Men's Golf - Josh Gibson ’19
Men’s Golf – Josh Gibson ’19

Or, how golfer and electrical engineering major Josh Gibson ‘19, an NCAA Division III national champion and two-time national player of the year, welcomed the chance “to get away” from the pressures of his sport by being involved in Dance Marathon or the Dew Crew.

Men's Lacrosse - Brayden Blackburn ’22
Men’s Lacrosse – Brayden Blackburn ’22

Or, how men’s lacrosse player and business major Brayden Blackburn ’22, who scored the last-second, game-winning goal to give his team an MIAA title this spring, appreciates the life lessons about commitment and pursuit that he’s learned in both his sport and fraternity.

Women's Track & Field - Mitchel Achien’g ’20
Women’s Track & Field – Mitchel Achien’g ’20

Or, how track and field student-athlete, economics major and dean’s lister Mitchel Achien’g ’20, an MIAA MVP, works four campus jobs to support her education, makes no complaints about it and instead values every experience for instilling time-management skills.
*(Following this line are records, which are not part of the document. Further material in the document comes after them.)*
theorem proposition1:
  fixes n :: nat and \<phi> d\<phi> g dg :: "nat \<Rightarrow> real \<Rightarrow> real"
    and l u :: "nat \<Rightarrow> real" and b :: real
    and xs :: "nat \<Rightarrow> real" and \<mu>s \<mu>k :: real
  assumes phi_deriv: "\<And>j x. j \<in> {1..n} \<Longrightarrow> (\<phi> j has_real_derivative d\<phi> j x) (at x)"
    and g_deriv: "\<And>j x. j \<in> {1..n} \<Longrightarrow> (g j has_real_derivative dg j x) (at x)"
    and dphi_cont: "\<And>j. j \<in> {1..n} \<Longrightarrow> continuous_on UNIV (d\<phi> j)"
    and dg_cont: "\<And>j. j \<in> {1..n} \<Longrightarrow> continuous_on UNIV (dg j)"
    and phi_sconv: "\<And>j. j \<in> {1..n} \<Longrightarrow> strict_convex_on UNIV (\<phi> j)"
    and g_conv: "\<And>j. j \<in> {1..n} \<Longrightarrow> convex_on UNIV (g j)"
    and lu: "\<And>j. j \<in> {1..n} \<Longrightarrow> l j < u j"
    and dg_nz: "\<And>j x. j \<in> {1..n} \<Longrightarrow> x \<in> {l j..u j} \<Longrightarrow> dg j x \<noteq> 0"
    and opt: "opt_lagrange n d\<phi> g dg l u b xs \<mu>s"
    and mus_pos: "\<mu>s > 0"
    and cases: "case1 n d\<phi> g dg l u \<or> case2 n d\<phi> g dg l u"
    and muk: "\<mu>k \<ge> 0"
  shows
   "(case1 n d\<phi> g dg l u \<and> (\<Sum>j\<in>{1..n}. g j (xmu \<phi> g l u \<mu>k j)) < b \<longrightarrow>
       (\<forall>j\<in>Lset n \<phi> g l u \<mu>k. xs j = l j)) \<and>
    (case1 n d\<phi> g dg l u \<and> (\<Sum>j\<in>{1..n}. g j (xmu \<phi> g l u \<mu>k j)) > b \<longrightarrow>
       (\<forall>j\<in>Uset n \<phi> g l u \<mu>k. xs j = u j)) \<and>
    (case2 n d\<phi> g dg l u \<and> (\<Sum>j\<in>{1..n}. g j (xmu \<phi> g l u \<mu>k j)) < b \<longrightarrow>
       (\<forall>j\<in>Uset n \<phi> g l u \<mu>k. xs j = u j)) \<and>
    (case2 n d\<phi> g dg l u \<and> (\<Sum>j\<in>{1..n}. g j (xmu \<phi> g l u \<mu>k j)) > b \<longrightarrow>
       (\<forall>j\<in>Lset n \<phi> g l u \<mu>k. xs j = l j))"
proof -
  interpret separable_resource_problem n \<phi> d\<phi> g dg l u
    using phi_deriv g_deriv lu dg_nz cases by unfold_locales
  have xs: "xs j = x_at \<mu>s j" if "j \<in> {1..n}" for j
    using x_at_eqI[OF that kkt_point_if_opt_lagrange[OF opt that]] by simp
  have budget: "(\<Sum>j\<in>{1..n}. g j (x_at \<mu>s j)) = b"
    using opt mus_pos xs by (simp add: opt_lagrange_def)
  have below: "\<mu>s \<le> \<mu>k" if "(\<Sum>j\<in>{1..n}. g j (x_at \<mu>k j)) < b"
    using multiplier_less_if_resource_less[of \<mu>k \<mu>s] that budget by simp
  have above: "\<mu>k \<le> \<mu>s" if "(\<Sum>j\<in>{1..n}. g j (x_at \<mu>k j)) > b"
    using multiplier_less_if_resource_less[of \<mu>s \<mu>k] that budget by simp
  have xs_l: "xs j = l j" if "j \<in> Lset n \<phi> g l u \<mu>s" for j
    using that xs by (simp add: Lset_def)
  have xs_u: "xs j = u j" if "j \<in> Uset n \<phi> g l u \<mu>s" for j
    using that xs by (simp add: Uset_def)
  show ?thesis
  proof (intro conjI impI ballI)
    show "xs j = l j" if "case1 n d\<phi> g dg l u \<and> (\<Sum>j\<in>{1..n}. g j (x_at \<mu>k j)) < b"
      and "j \<in> Lset n \<phi> g l u \<mu>k" for j
      using that Lset_antimono_if_case1[OF _ below] xs_l by blast
    show "xs j = u j" if "case1 n d\<phi> g dg l u \<and> (\<Sum>j\<in>{1..n}. g j (x_at \<mu>k j)) > b"
      and "j \<in> Uset n \<phi> g l u \<mu>k" for j
      using that Uset_mono_if_case1[OF _ above] xs_u by blast
    show "xs j = u j" if "case2 n d\<phi> g dg l u \<and> (\<Sum>j\<in>{1..n}. g j (x_at \<mu>k j)) < b"
      and "j \<in> Uset n \<phi> g l u \<mu>k" for j
      using that Uset_antimono_if_case2[OF _ below] xs_u by blast
    show "xs j = l j" if "case2 n d\<phi> g dg l u \<and> (\<Sum>j\<in>{1..n}. g j (x_at \<mu>k j)) > b"
      and "j \<in> Lset n \<phi> g l u \<mu>k" for j
      using that Lset_mono_if_case2[OF _ above] xs_l by blast
  qed
qed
So many other more student-athlete stories to tell, so little time. . . and page space. So, what do they all mean? What is the underlying value in each? Schoonveld offers a summation.

“Look, we want to succeed and win, but we also want our student-athletes to know and then model Colossians 3:23: ‘Whatever — whatever — you do, work at it with all of your heart as working for the Lord, not for humans.’ We’re called to give God our best and I think that’s the piece we’re all really striving for here. So, when people say, ‘You’re all about winning,’ well, we’re not really all about winning, but we are all about giving God our best.”

“To be honest,” he adds with an even stronger, more emphatic tone, “I think the world needs that now more than ever right now, and I think our ability to shape and send out student-athletes into the world with everything that Hope taught them is a big piece of how we can help change the world.”

A sports philosophy like that is win-win for everyone, everywhere, not just for or at Hope. Perhaps that’s the real meaning behind all those rafter decorations, anyway.